Who and what is taxed under Swiss Inheritance Tax Law?


In Switzerland, inheritance law is regulated by the Civil Code which applies when there is no will or succession settlement. Under Swiss law, gift taxes follow similar rules as inheritance taxes, both are regulated by Cantonal tax laws only. Swiss civil laws regulate the inheritance organisation and distribution of assets. Cantonal tax laws determine the details of the inheritance taxation.

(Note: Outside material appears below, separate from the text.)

(* For any partitions $\mu,\nu$, $$\lim_{\alpha\to\pm\infty}\frac{\hat L^{(\alpha)}_{\mu,\nu}(\alpha x)}{\alpha^{|\mu|+|\nu|}}=(x-1)^{|\mu|}(x+1)^{|\nu|},\qquad \lim_{\alpha\to\pm\infty}\frac{\hat\Omega^{(\alpha)}_{\mu,\nu}(\alpha x)}{\alpha^{|\mu|+|\nu|}}=(x-1)^{|\mu|}(x+1)^{|\nu|}.$$
   Context: For a partition $\lambda=(\lambda_1\ge\dots\ge\lambda_{\ell(\lambda)}>0)$ the degree vector has entries $n_i=\lambda_i+\ell(\lambda)-i$; $\Delta$ of a list $(y_1,\dots,y_r)$ is $\prod_{i<j}(y_j-y_i)$. Let $\hat L_n^{(\alpha)}=(-1)^nn!\,L_n^{(\alpha)}$ with $L_n^{(\alpha)}$ the classical Laguerre polynomial (so $\hat L_n^{(\alpha)}$ is monic of degree $n$). Let $n_\mu=(n_1,\dots,n_{\ell(\mu)})$ and $m_\nu=(m_1,\dots,m_{\ell(\nu)})$ be the degree vectors of $\mu$ and $\nu$. For real $\alpha$ such that $n_1,\dots,n_{\ell(\mu)},m_1-\alpha,\dots,m_{\ell(\nu)}-\alpha$ are pairwise distinct, $$\hat L^{(\alpha)}_{\mu,\nu}(x)=\frac{x^{(\ell(\mu)+\alpha)\ell(\nu)}}{\Delta(n_\mu,m_\nu-\alpha)}\mathrm{Wr}\big[\hat L^{(\alpha)}_{n_1},\dots,\hat L^{(\alpha)}_{n_{\ell(\mu)}},x^{-\alpha}\hat L^{(-\alpha)}_{m_1},\dots,x^{-\alpha}\hat L^{(-\alpha)}_{m_{\ell(\nu)}}\big],$$ a monic polynomial in $x$ of degree $|\mu|+|\nu|$ (extended to other $\alpha$ by continuity). For every $\alpha$, $$\hat\Omega^{(\alpha)}_{\mu,\nu}(x)=\frac{(-1)^{\sum_jm_j}}{\Delta(n_\mu)\Delta(m_\nu)}e^{-\ell(\nu)x}\,\mathrm{Wr}\big[\hat L^{(\alpha)}_{n_1}(x),\dots,\hat L^{(\alpha)}_{n_{\ell(\mu)}}(x),e^x\hat L^{(\alpha)}_{m_1}(-x),\dots,e^x\hat L^{(\alpha)}_{m_{\ell(\nu)}}(-x)\big],$$ a monic polynomial of degree $|\mu|+|\nu|$. The limits are taken for fixed $x$ as $\alpha$ tends to $+\infty$ or $-\infty$ through real values. *)

theory Defs
  imports "HOL-Analysis.Analysis" "HOL-Computational_Algebra.Polynomial"
begin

Gift and inheritance taxes are due if the donor is a Swiss resident or if the deceased was a Swiss resident at the time of their death. According to Swiss case law, an individual is considered as a Swiss resident when he/she actually resides or intends to reside in Switzerland on a long-term basis. Tax must be paid to the canton where the donor is resident, or where the deceased resides at the time of their death, with the exception of:

  • Business assets which are taxed in the canton of where the business of a partnership/individual entity is located;
  • Real estates which are taxed in the canton where the property is located;
  • Foreign real estate which is not subject to Swiss inheritance tax according to cantonal laws.


Important facts:

  • Quick reminder: Switzerland is divided into 26 cantons with 26 different cantonal tax regimes;
  • Rates depend on the relationship with the deceased (from 0% to 50%);
  • Double tax residency may occur resulting in two countries settling the inheritance and taxing the movable assets twice when they have different definitions of residency.


How is it taxed?

Inheritance/gift tax is normally levied on what is received by each heir/donee.

This amount of tax depends on:

  • The amount of the gift or inheritance;
  • The degree of kinship between the deceased person and their heir(s).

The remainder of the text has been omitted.